Чего ожидают от такого, как я?

Ответ прост – движения напролом к чему-то смутному, нихрена непонятному, но вызывающему какие-то гребаные вспышки чего-то там в башке с ее вырезанной почти полностью памятью.

Почему от меня ожидают именно этого?

Потому что именно так я поступал на протяжении всего своего пути с момента пробуждения в полном искалеченного дерьма стальном лабиринте.

Все это время во мне билось – и продолжает биться – нечто неуемное, неостановимое, не унимаемое.

Я словно обезглавленный колючий червь, что, несмотря на страшные увечья, все пытается, сука, куда-то ползти и даже бодаться кровоточащим обрубком. А те, кому это выгодно, накачивают меня боевыми коктейлями, пихают в лапы оружие и шепчут в жопу ласковые слова – именно в жопу, ведь головы у меня нет.

Сейчас, когда я резко выскочил из Формоза и исчез как из поля зрения, так и из зоны машинного контроля, от меня ждут примерно этого же – схожего повторения моих прежних действий. Ведь хорошо обученная лабораторная крыса никогда не откажется повторить тот же самый вояж к подтухшему кусочку сыра где-то там в глубине лабиринта.

Уверен, что все те, кому я нужен живым или мертвым, прямо сейчас просчитывают мой маршрут.
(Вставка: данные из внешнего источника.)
lemma poly_subst_mult:
  assumes s: "central s"
  shows "poly_subst s (f * g) = poly_subst s f * poly_subst s g"
proof -
  let ?F = "Poly_Mapping.keys f" and ?G = "Poly_Mapping.keys g"
  let ?f = "Poly_Mapping.lookup f" and ?g = "Poly_Mapping.lookup g"
  have "f * g = (\<Sum>i\<in>?F. Poly_Mapping.single i (?f i)) * (\<Sum>j\<in>?G. Poly_Mapping.single j (?g j))"
    by (simp flip: upoly_expansion[OF finite_keys order_refl])
  also have "\<dots> = (\<Sum>i\<in>?F. \<Sum>j\<in>?G. Poly_Mapping.single (i + j) (?f i * ?g j))"
    by (simp add: sum_distrib_left sum_distrib_right mult_single) (rule sum.swap)
  finally have "poly_subst s (f * g) = (\<Sum>i\<in>?F. \<Sum>j\<in>?G. pC (?f i * ?g j) * s ^ (i + j))"
    by (simp add: poly_subst_sum poly_subst_single)
  also have "\<dots> = (\<Sum>i\<in>?F. \<Sum>j\<in>?G. (pC (?f i) * s ^ i) * (pC (?g j) * s ^ j))"
  proof (intro sum.cong refl)
    fix i j
    have "s ^ i * pC (?g j) = pC (?g j) * s ^ i"
      by (rule centralD[OF central_power[OF s]])
    then show "pC (?f i * ?g j) * s ^ (i + j) = (pC (?f i) * s ^ i) * (pC (?g j) * s ^ j)"
      by (simp add: pC_mult power_add mult.assoc flip: mult.assoc[of "s ^ i"])
  qed
  also have "\<dots> = poly_subst s f * poly_subst s g"
    by (simp add: poly_subst_def sum_distrib_left sum_distrib_right) (rule sum.swap)
  finally show ?thesis .
qed

lemma poly_subst_power: "central s \<Longrightarrow> poly_subst s (f ^ n) = poly_subst s f ^ n"
  by (induction n) (simp_all add: poly_subst_1 poly_subst_mult)

lemma poly_subst_of_nat: "poly_subst s (of_nat n) = of_nat n"
  using poly_subst_pC[of s "of_nat n"] by (simp add: pC_of_nat)

lemma poly_subst_diff_of_nat_mult:
  assumes "s - pX = of_nat p * q"
  shows "\<exists>g. poly_subst s f - f = of_nat p * g"
proof -
  let ?K = "Poly_Mapping.keys f" and ?f = "Poly_Mapping.lookup f"
  obtain w where w: "\<And>i. s ^ i - pX ^ i = of_nat p * w i"
    using power_diff_of_nat_mult[OF assms] by metis
  have "poly_subst s f - f = poly_subst s f - poly_subst pX f"
    by (simp add: poly_subst_pX_self)
  also have "\<dots> = (\<Sum>i\<in>?K. pC (?f i) * (s ^ i - pX ^ i))"
    by (simp add: poly_subst_def sum_subtractf right_diff_distrib)
  also have "\<dots> = of_nat p * (\<Sum>i\<in>?K. pC (?f i) * w i)"
    by (simp add: w sum_distrib_left central_left_commute[OF central_of_nat])
  finally show ?thesis ..
qed

lemma of_nat_upoly_eq_0_iff: "(of_nat n :: 'a::ring_1 upoly) = 0 \<longleftrightarrow> (of_nat n :: 'a) = 0"
  by (auto simp: poly_mapping_eq_iff fun_eq_iff lookup_of_nat when_def)

lemma funpow_gcd_eq_id:
  assumes "f ^^ m = id" and "f ^^ n = id"
  shows "f ^^ gcd m n = id"
  using assms
proof (induction m n rule: gcd_nat_induct)
  case (base m)
  then show ?case by simp
next
  case (step m n)
  have "f ^^ (m mod n) = id"
    using funpow_mod_eq[where f = f and m = m and n = n] step.prems by (simp add: fun_eq_iff)
  then show ?case
    using step by (simp add: gcd_red_nat[of m n])
qed

lemma funpow_prime_power_order:
  fixes f :: "'b \<Rightarrow> 'b"
  assumes p: "prime p" and period: "f ^^ (p ^ r) = id" and not_id: "f ^^ (p ^ (r - 1)) \<noteq> id"
    and k: "0 < k" "k < p ^ r"
  shows "f ^^ k \<noteq> id"
proof
  assume "f ^^ k = id"
  then have gcd_id: "f ^^ gcd k (p ^ r) = id"
    using period by (rule funpow_gcd_eq_id)
  obtain i where i: "i \<le> r" "gcd k (p ^ r) = p ^ i"
    using divides_primepow_nat[OF p] gcd_dvd2 by blast
  have "p ^ i < p ^ r"
    using i k by (metis gcd_le1_nat le_less_trans not_gr_zero)
  then have "i < r"
    using p prime_gt_1_nat by (simp add: power_strict_increasing_iff)
  then have "p ^ (r - 1) = p ^ i * p ^ (r - 1 - i)"
    by (simp flip: power_add)
  then have "f ^^ (p ^ (r - 1)) = id"
    using gcd_id i by (simp flip: funpow_mult)
  with not_id show False ..
qed

lemma bij_if_funpow_eq_id:
  assumes "f ^^ n = id" and "0 < n"
  shows "bij f"
proof (rule o_bij)
  have n: "n = Suc (n - 1)" using assms(2) by simp
  show "f ^^ (n - 1) \<circ> f = id"
    using assms(1) by (subst (asm) n) (simp only: funpow_Suc_right)
  show "f \<circ> f ^^ (n - 1) = id"
    using assms(1) by (subst (asm) n) (simp only: funpow.simps)
qed

lemma R_ring_automorphism_poly_subst:
  assumes "central s" and "poly_subst s ^^ n = id" and "0 < n"
  shows "R_ring_automorphism (poly_subst s)"
  unfolding R_ring_automorphism_def
  using assms bij_if_funpow_eq_id
  by (simp add: poly_subst_add poly_subst_mult poly_subst_1 poly_subst_pC)

lemma central_pX_plus: "central (pX + of_nat p * pX ^ e :: 'a::ring_1 upoly)"
  by (intro central_add central_mult central_pX central_of_nat central_pX_power)

lemma pX_plus_eq_pX_mult:
  assumes "e \<ge> 1"
  shows "pX + of_nat p * pX ^ e = (pX :: 'a::ring_1 upoly) * (1 + of_nat p * pX ^ (e - 1))"
proof -
  have "pX * (of_nat p * pX ^ (e - 1)) = of_nat p * (pX ^ e :: 'a upoly)"
    using assms by (simp add: central_left_commute[OF central_of_nat] flip: power_Suc)
  then show ?thesis
    by (simp add: distrib_left)
qed

lemma funpow_poly_subst_pX_plus_prime_power:
  assumes p: "prime p" and char: "of_nat (p ^ (r + 1)) = (0 :: 'a::ring_1 upoly)"
  shows "poly_subst (pX + of_nat p * pX ^ e :: 'a upoly) ^^ (p ^ r) = id"
proof
  fix f
  let ?\<alpha> = "poly_subst (pX + of_nat p * pX ^ e :: 'a upoly)"
  have "(?\<alpha> ^^ p ^ r) f = f"
  proof (rule funpow_prime_power_eq_self[OF p _ _ _ char])
    show "?\<alpha> (f + g) = ?\<alpha> f + ?\<alpha> g" for f g
      by (rule poly_subst_add)
    show "?\<alpha> (of_nat c * f) = of_nat c * ?\<alpha> f" for c f
      by (simp add: poly_subst_mult[OF central_pX_plus] poly_subst_of_nat)
    show "\<exists>g. ?\<alpha> f - f = of_nat p * g" for f
      by (rule poly_subst_diff_of_nat_mult) simp
  qed
  then show "(?\<alpha> ^^ p ^ r) f = id f"
    by simp
qed

lemma poly_subst_pX_plus_fixes_pX_power:
  assumes p: "prime p" and e: "e \<ge> 1" and char: "of_nat (p ^ (r + 1)) = (0 :: 'a::ring_1 upoly)"
  shows "poly_subst (pX + of_nat p * pX ^ e) (pX ^ (p ^ r)) = (pX ^ (p ^ r) :: 'a upoly)"
proof -
  let ?t = "1 + of_nat p * pX ^ (e - 1) :: 'a upoly"
  have "(times ?t ^^ (p ^ r)) 1 = 1"
  proof (rule funpow_prime_power_eq_self[OF p _ _ _ char])
    show "\<And>f g. ?t * (f + g) = ?t * f + ?t * g"
      by (simp add: distrib_left)
    show "\<And>c f. ?t * (of_nat c * f) = of_nat c * (?t * f)"
      by (rule central_left_commute[OF central_of_nat])
    show "\<And>f. \<exists>g. ?t * f - f = of_nat p * g"
      by (intro exI) (simp add: distrib_right mult.assoc)
  qed
  then have t_power: "?t ^ (p ^ r) = 1"
    by (simp add: funpow_times_power[where f = "\<lambda>_. p ^ r"])
  have "poly_subst (pX + of_nat p * pX ^ e) (pX ^ (p ^ r)) = (pX + of_nat p * pX ^ e) ^ (p ^ r)"
    by (simp add: poly_subst_power[OF central_pX_plus] poly_subst_pX)
  also have "\<dots> = pX ^ (p ^ r) * ?t ^ (p ^ r)"
    by (simp add: pX_plus_eq_pX_mult[OF e] power_mult_central_left[OF central_pX])
  finally show ?thesis
    using t_power by simp
qed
И тут особо напрягаться не надо – если не брать в расчет океан, то по суше мой путь ведет сначала на запад и северо-запад, а затем четко на север – туда, где лежат медленно исчезающие руины техногенной цивилизации и где, может, до сих пор высятся километровые мертвые небоскребы, уходящие корнями так глубоко, что их впору назвать бетонными айсбергами, которые показывают над асфальтом лишь малую свою часть.

И да – тут они правы. Мне туда и надо, если я хочу получить хоть какие-то ответы. Вот только у меня нет никакого желания быть столь же предсказуемым, как во Франциске и Формозе. Хватит с гоблина прямолинейности и торопливости.

И поэтому я не рванул на запад. Нет. Я неспешно подготовился, познакомился с пришедшим наконец доном Содро – хранителем фильмотеки поселения – скинул ему желаемое и расспросил о здешних окрестностях, опять получая почти такую же информацию, что и от старой Гаспары. Выслушав, переварил, попутно собираясь. А затем я двинулся на север, направляясь к недавно покинутому океану – но куда западнее. Следующие два дня я был в движении, покидая водительское кресло только для подзарядки батарей и короткого ночного отдыха.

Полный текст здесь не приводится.